4. From which of the following germ layers does the nervous system develop?

A. Ectoderm
B. Endoderm
C. Gastroderm
D. Mesoderm

Correct answer: A

Rationale: The correct answer is A: Ectoderm. The nervous system develops from the ectoderm, which is the outermost of the three germ layers. The ectoderm gives rise to structures such as the skin, hair, nails, and the entire nervous system. Choices B, C, and D are incorrect because the endoderm gives rise to the lining of the gut and associated organs, the gastroderm is not a recognized germ layer, and the mesoderm forms structures like muscles, bones, blood, and the circulatory system, but not the nervous system.
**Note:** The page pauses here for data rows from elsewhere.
text \<open>Properness of U is needed: the empty intersection of subbasic sets is the whole space,
  which need not be countable.\<close>

lemma omega_type_space_countable_open_nbhd:
  assumes "omega_type_space X" "openin X U" "U \<noteq> topspace X" "x \<in> U"
  obtains V where "openin X V" "countable V" "x \<in> V" "V \<subseteq> U"
proof -
  obtain B where countable_B: "\<forall>b\<in>B. countable b"
    and base_B: "\<forall>U. openin X U \<longleftrightarrow> (\<exists>\<U>. U = \<Union>\<U> \<and>
        (\<forall>V\<in>\<U>. \<exists>F. finite F \<and> F \<subseteq> B \<and> V = topspace X \<inter> \<Inter>F))"
    using assms(1) unfolding omega_type_space_def by (elim exE conjE)
  obtain \<U> where "U = \<Union>\<U>" and \<U>: "\<forall>V\<in>\<U>. \<exists>F. finite F \<and> F \<subseteq> B \<and> V = topspace X \<inter> \<Inter>F"
    using base_B[rule_format, THEN iffD1, OF assms(2)] by (elim exE conjE)
  obtain V where V: "V \<in> \<U>" "x \<in> V"
    using \<open>U = \<Union>\<U>\<close> assms(4) by blast
  have "V \<subseteq> U"
    unfolding \<open>U = \<Union>\<U>\<close> using V(1) by (rule Union_upper)
  obtain F where F: "finite F" "F \<subseteq> B" "V = topspace X \<inter> \<Inter>F"
    using bspec[OF \<U> V(1)] by (elim exE conjE)
  have "openin X V"
    using F by (intro base_B[rule_format, THEN iffD2] exI[of _ "{V}"]) auto
  moreover have "F \<noteq> {}"
  proof
    assume "F = {}"
    then have "topspace X \<subseteq> U" using F(3) \<open>V \<subseteq> U\<close> by simp
    then show False using assms(3) openin_subset[OF assms(2)] by blast
  qed
  then obtain b where "b \<in> F" by blast
  then have "countable V"
    using F(2,3) countable_B countable_subset[of V b] by blast
  ultimately show ?thesis using that V(2) \<open>V \<subseteq> U\<close> by blast
qed

lemma scott_open_in_Int_eventually:
  fixes Y :: "nat \<Rightarrow> 'a::order set"
  assumes G: "scott_open_in S G" and Y: "\<And>m. scott_open_in S (Y m)"
    and eventually_in_Y: "\<And>x. x \<in> G \<Longrightarrow> \<exists>k. \<forall>m\<ge>k. x \<in> Y m"
  shows "scott_open_in S (G \<inter> \<Inter>(Y ` M))"
proof (rule scott_open_inI)
  show "G \<inter> \<Inter>(Y ` M) \<subseteq> S" using G scott_open_in_subset by blast
next
  fix x y assume "x \<in> G \<inter> \<Inter>(Y ` M)" "y \<in> S" "x \<le> y"
  then show "y \<in> G \<inter> \<Inter>(Y ` M)" using G Y scott_open_in_upward by blast
next
  fix D s assume D: "directed_in S D" and s: "is_lub_in S D s" "s \<in> G \<inter> \<Inter>(Y ` M)"
  obtain d where d: "d \<in> D" "d \<in> G" using scott_open_in_lub[OF G D s(1)] s(2) by blast
  obtain k where k: "\<forall>m\<ge>k. d \<in> Y m" using eventually_in_Y[OF d(2)] by blast
  have "\<forall>m \<in> M \<inter> {..<k}. \<exists>d'. d' \<in> D \<and> d' \<in> Y m"
    using scott_open_in_lub[OF Y D s(1)] s(2) by blast
  from bchoice[OF this] obtain f where f: "\<forall>m \<in> M \<inter> {..<k}. f m \<in> D \<and> f m \<in> Y m"
    by blast
  have "finite (insert d (f ` (M \<inter> {..<k})))"
    by (intro finite.insertI finite_imageI finite_Int disjI2 finite_lessThan)
  moreover have "insert d (f ` (M \<inter> {..<k})) \<subseteq> D"
    using d(1) f by auto
  ultimately obtain e where e: "e \<in> D" "\<forall>x \<in> insert d (f ` (M \<inter> {..<k})). x \<le> e"
    using directed_in_finite_upper_bound[OF D] by meson
  have "e \<in> S" using D e(1) unfolding directed_in_def by blast
  have "e \<in> Y m" if "m \<in> M" for m
  proof (cases "m < k")
    case True
    then show ?thesis using f e(2) that scott_open_in_upward[OF Y _ \<open>e \<in> S\<close>] by blast
  next
    case False
    then have "d \<in> Y m" using k by (simp add: not_less)
    then show ?thesis using e(2) scott_open_in_upward[OF Y _ \<open>e \<in> S\<close>] by blast
  qed
  moreover have "e \<in> G" using d(2) e(2) scott_open_in_upward[OF G _ \<open>e \<in> S\<close>] by blast
  ultimately show "D \<inter> (G \<inter> \<Inter>(Y ` M)) \<noteq> {}" using e(1) by blast
qed

lemma countable_mem_closedin_scott_opens:
  assumes C: "closedin (scott_topology (scott_opens P)) C"
    and G: "G \<in> scott_opens P" "countable G"
    and finite_cover: "\<And>F. finite F \<Longrightarrow> F \<subseteq> G \<Longrightarrow> \<exists>Y\<in>C. F \<subseteq> Y"
  shows "G \<in> C"
proof -
  \<comment> \<open>Intersecting with G discards the junk values of \<open>from_nat_into\<close> when G is empty.\<close>
  define F where "F m = G \<inter> from_nat_into G ` {..m}" for m
  have "\<forall>m. \<exists>Y\<in>C. F m \<subseteq> Y" using finite_cover unfolding F_def by simp
  then obtain Y where Y: "\<And>m. Y m \<in> C" "\<And>m. F m \<subseteq> Y m" by metis
  have CL: "C \<subseteq> scott_opens P" using C by (simp add: closedin_scott_topology)
  have eventually_in_Y: "\<forall>m\<ge>to_nat_on G x. x \<in> Y m" if "x \<in> G" for x
  proof (intro allI impI)
    fix m assume "to_nat_on G x \<le> m"
    then have "x \<in> F m"
      using that G(2) unfolding F_def by (metis IntI atMost_iff from_nat_into_to_nat_on imageI)
    then show "x \<in> Y m" using Y(2) by blast
  qed
  define A where "A n = G \<inter> \<Inter>(Y ` {n..})" for n
  have Y_open: "scott_open_in P (Y m)" for m
    using Y(1) CL by (auto simp: scott_opens_def)
  have A_open: "A n \<in> scott_opens P" for n
    unfolding A_def scott_opens_def mem_Collect_eq
  proof (rule scott_open_in_Int_eventually[OF _ Y_open])
    show "scott_open_in P G" using G(1) by (simp add: scott_opens_def)
    show "\<exists>k. \<forall>m\<ge>k. x \<in> Y m" if "x \<in> G" for x
      using eventually_in_Y[OF that] by blast
  qed
  have A_in_C: "A n \<in> C" for n
    using closedin_scott_downward[OF C Y(1) A_open, of n] by (auto simp: A_def)
  have "directed_in (scott_opens P) (range A)"
    unfolding directed_in_def
  proof (intro conjI ballI)
    fix U V assume "U \<in> range A" "V \<in> range A"
    then obtain i j where "U = A i" "V = A j" by blast
    then show "\<exists>W\<in>range A. U \<le> W \<and> V \<le> W"
      by (intro bexI[of _ "A (max i j)"]) (auto simp: A_def)
  qed (use A_open in auto)
  moreover have "\<Union>(range A) = G"
    using eventually_in_Y unfolding A_def by blast
  ultimately show "G \<in> C"
    using closedin_scott_opens_directed_Union[OF C] A_in_C by (metis image_subset_iff)
qed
5. At which step in the scientific method might a scientist create a model?

A. Hypothesis
B. Data analysis
C. Experimentation
D. Conclusion

Correct answer: A

Rationale: In the scientific method, scientists often create models during the hypothesis stage. Creating models at this stage helps visualize or simulate ideas before proceeding to experimentation and data analysis. Models are valuable tools that allow scientists to conceptualize and test their ideas before conducting experiments to gather data and draw conclusions. Therefore, the correct answer is A. Choice B, data analysis, occurs after experiments have been conducted and data has been collected, making it an incorrect choice. Choice C, experimentation, involves conducting tests and observations based on the hypothesis, but the creation of models typically happens before this stage. Choice D, conclusion, is the final step where scientists interpret the results and draw implications, making it an inappropriate step for creating a model.